=== SUPPLIED MATERIAL ===

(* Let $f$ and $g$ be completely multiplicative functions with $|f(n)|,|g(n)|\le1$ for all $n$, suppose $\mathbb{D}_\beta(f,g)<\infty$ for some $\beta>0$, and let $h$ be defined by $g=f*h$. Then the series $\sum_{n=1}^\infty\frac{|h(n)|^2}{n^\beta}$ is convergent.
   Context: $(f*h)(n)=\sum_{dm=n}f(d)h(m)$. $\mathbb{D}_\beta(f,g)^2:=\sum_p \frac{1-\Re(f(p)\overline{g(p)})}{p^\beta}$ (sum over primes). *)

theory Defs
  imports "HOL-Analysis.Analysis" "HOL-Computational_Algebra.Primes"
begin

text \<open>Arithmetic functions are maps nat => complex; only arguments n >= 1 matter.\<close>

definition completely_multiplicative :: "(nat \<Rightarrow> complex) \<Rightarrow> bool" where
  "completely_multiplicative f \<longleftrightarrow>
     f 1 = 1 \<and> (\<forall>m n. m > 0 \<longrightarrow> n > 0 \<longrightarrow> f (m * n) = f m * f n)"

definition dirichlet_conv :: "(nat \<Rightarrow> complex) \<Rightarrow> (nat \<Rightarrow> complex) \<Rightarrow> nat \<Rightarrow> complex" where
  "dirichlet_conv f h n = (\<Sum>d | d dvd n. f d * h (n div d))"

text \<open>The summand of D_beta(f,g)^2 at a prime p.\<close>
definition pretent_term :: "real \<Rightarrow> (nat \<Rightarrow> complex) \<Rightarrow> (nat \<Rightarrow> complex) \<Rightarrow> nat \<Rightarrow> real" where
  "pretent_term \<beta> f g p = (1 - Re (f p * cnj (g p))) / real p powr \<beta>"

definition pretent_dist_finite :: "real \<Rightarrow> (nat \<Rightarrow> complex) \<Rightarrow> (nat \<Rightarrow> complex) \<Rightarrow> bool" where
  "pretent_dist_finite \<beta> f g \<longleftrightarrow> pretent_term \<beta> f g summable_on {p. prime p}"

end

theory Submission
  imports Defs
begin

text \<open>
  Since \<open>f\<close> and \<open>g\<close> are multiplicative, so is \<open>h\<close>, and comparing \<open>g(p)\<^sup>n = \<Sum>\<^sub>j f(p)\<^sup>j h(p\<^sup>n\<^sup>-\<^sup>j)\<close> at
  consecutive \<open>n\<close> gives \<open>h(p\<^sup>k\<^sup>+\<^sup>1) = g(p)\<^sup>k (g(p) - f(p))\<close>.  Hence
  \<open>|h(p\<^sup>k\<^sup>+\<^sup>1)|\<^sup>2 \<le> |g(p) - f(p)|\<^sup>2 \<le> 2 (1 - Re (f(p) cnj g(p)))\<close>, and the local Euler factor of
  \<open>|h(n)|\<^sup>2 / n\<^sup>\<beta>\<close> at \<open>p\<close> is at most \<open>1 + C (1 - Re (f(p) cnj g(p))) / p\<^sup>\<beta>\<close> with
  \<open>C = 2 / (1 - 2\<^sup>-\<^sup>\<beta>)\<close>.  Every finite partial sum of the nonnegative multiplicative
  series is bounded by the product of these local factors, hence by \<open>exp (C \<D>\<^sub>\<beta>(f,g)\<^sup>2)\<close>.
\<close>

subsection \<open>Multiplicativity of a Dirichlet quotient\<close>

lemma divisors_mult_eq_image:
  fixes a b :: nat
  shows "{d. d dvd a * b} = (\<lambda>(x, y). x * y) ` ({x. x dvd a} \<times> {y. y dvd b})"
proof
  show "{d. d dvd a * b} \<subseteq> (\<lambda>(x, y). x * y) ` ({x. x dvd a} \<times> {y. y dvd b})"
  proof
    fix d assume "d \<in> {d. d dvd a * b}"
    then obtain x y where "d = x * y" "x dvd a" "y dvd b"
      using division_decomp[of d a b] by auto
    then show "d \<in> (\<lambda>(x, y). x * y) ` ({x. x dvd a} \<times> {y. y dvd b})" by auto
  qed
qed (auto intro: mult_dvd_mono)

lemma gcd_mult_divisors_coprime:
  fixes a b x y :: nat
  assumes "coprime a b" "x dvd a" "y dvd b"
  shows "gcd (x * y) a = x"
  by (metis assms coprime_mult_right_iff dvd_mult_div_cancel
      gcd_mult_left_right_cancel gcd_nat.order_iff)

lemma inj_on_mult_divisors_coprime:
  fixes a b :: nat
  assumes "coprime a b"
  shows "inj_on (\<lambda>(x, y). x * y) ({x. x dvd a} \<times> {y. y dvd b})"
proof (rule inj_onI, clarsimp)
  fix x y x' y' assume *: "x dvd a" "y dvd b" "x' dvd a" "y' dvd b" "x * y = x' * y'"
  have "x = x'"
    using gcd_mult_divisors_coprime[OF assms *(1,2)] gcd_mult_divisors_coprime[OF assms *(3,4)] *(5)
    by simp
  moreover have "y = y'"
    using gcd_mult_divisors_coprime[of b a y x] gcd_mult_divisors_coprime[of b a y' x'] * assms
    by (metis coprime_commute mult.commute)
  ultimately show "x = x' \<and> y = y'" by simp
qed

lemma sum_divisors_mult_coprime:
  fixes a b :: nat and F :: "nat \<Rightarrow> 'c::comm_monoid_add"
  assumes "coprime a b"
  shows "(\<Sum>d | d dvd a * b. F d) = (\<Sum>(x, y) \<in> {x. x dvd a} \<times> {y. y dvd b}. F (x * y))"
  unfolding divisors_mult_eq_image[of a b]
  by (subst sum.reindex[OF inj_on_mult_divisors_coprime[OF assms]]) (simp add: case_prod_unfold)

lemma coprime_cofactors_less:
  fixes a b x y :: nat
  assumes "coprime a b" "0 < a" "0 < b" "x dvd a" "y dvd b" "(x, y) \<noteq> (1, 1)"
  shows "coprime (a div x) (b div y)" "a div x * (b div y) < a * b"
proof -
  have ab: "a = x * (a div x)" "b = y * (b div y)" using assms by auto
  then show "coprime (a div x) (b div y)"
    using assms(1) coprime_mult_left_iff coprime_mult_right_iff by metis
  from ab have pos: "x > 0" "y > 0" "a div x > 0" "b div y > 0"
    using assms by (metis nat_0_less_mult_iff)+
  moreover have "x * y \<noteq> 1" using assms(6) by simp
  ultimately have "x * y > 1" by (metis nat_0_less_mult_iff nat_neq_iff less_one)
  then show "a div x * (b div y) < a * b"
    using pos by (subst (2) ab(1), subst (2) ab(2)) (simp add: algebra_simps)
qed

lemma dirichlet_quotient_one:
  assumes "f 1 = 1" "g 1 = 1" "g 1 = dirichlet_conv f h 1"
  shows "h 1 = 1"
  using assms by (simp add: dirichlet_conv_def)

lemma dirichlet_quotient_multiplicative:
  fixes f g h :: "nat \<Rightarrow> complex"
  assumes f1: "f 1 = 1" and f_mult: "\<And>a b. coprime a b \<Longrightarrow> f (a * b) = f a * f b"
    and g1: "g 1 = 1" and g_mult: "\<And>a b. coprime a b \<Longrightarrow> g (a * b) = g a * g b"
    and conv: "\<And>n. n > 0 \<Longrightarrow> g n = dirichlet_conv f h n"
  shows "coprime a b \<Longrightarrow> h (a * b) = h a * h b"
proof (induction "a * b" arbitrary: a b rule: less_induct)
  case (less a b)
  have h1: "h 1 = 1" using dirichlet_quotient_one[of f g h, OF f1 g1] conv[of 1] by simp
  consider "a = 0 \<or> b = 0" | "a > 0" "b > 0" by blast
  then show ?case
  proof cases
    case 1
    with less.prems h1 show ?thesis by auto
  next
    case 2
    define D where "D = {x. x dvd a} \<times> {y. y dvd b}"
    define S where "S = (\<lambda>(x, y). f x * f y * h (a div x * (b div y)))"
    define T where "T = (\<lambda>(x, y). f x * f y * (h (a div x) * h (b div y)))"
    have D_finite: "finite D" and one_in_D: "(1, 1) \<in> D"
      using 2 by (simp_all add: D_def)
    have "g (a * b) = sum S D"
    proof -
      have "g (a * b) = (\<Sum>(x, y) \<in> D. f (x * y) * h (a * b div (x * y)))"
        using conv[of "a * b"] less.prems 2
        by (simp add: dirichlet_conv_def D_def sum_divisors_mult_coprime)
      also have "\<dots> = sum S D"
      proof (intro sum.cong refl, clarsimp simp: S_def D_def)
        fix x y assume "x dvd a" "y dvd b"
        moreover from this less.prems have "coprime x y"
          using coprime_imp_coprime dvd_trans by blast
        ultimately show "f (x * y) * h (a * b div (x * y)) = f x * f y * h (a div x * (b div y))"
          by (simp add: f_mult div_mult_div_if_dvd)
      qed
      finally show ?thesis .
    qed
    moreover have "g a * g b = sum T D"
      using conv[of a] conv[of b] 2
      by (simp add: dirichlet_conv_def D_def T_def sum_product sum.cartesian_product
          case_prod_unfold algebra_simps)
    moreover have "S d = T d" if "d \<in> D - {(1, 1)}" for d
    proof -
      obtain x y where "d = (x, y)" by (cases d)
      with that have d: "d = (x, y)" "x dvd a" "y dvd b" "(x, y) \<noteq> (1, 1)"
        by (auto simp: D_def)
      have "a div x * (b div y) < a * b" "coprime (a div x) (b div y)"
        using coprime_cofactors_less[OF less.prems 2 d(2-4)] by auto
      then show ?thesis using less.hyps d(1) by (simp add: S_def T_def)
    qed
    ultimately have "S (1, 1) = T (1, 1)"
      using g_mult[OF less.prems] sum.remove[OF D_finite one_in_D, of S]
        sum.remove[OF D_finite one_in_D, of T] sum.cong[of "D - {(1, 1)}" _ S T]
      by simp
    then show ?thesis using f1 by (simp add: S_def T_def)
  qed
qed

===

**WORK INSTRUCTIONS:**
Check the listing above for lines containing the string "noteq", and copy each one.

**YOUR SOLUTION:**
  assumes "coprime a b" "0 < a" "0 < b" "x dvd a" "y dvd b" "(x, y) \<noteq> (1, 1)"
  moreover have "x * y \<noteq> 1" using assms(6) by simp
      with that have d: "d = (x, y)" "x dvd a" "y dvd b" "(x, y) \<noteq> (1, 1)"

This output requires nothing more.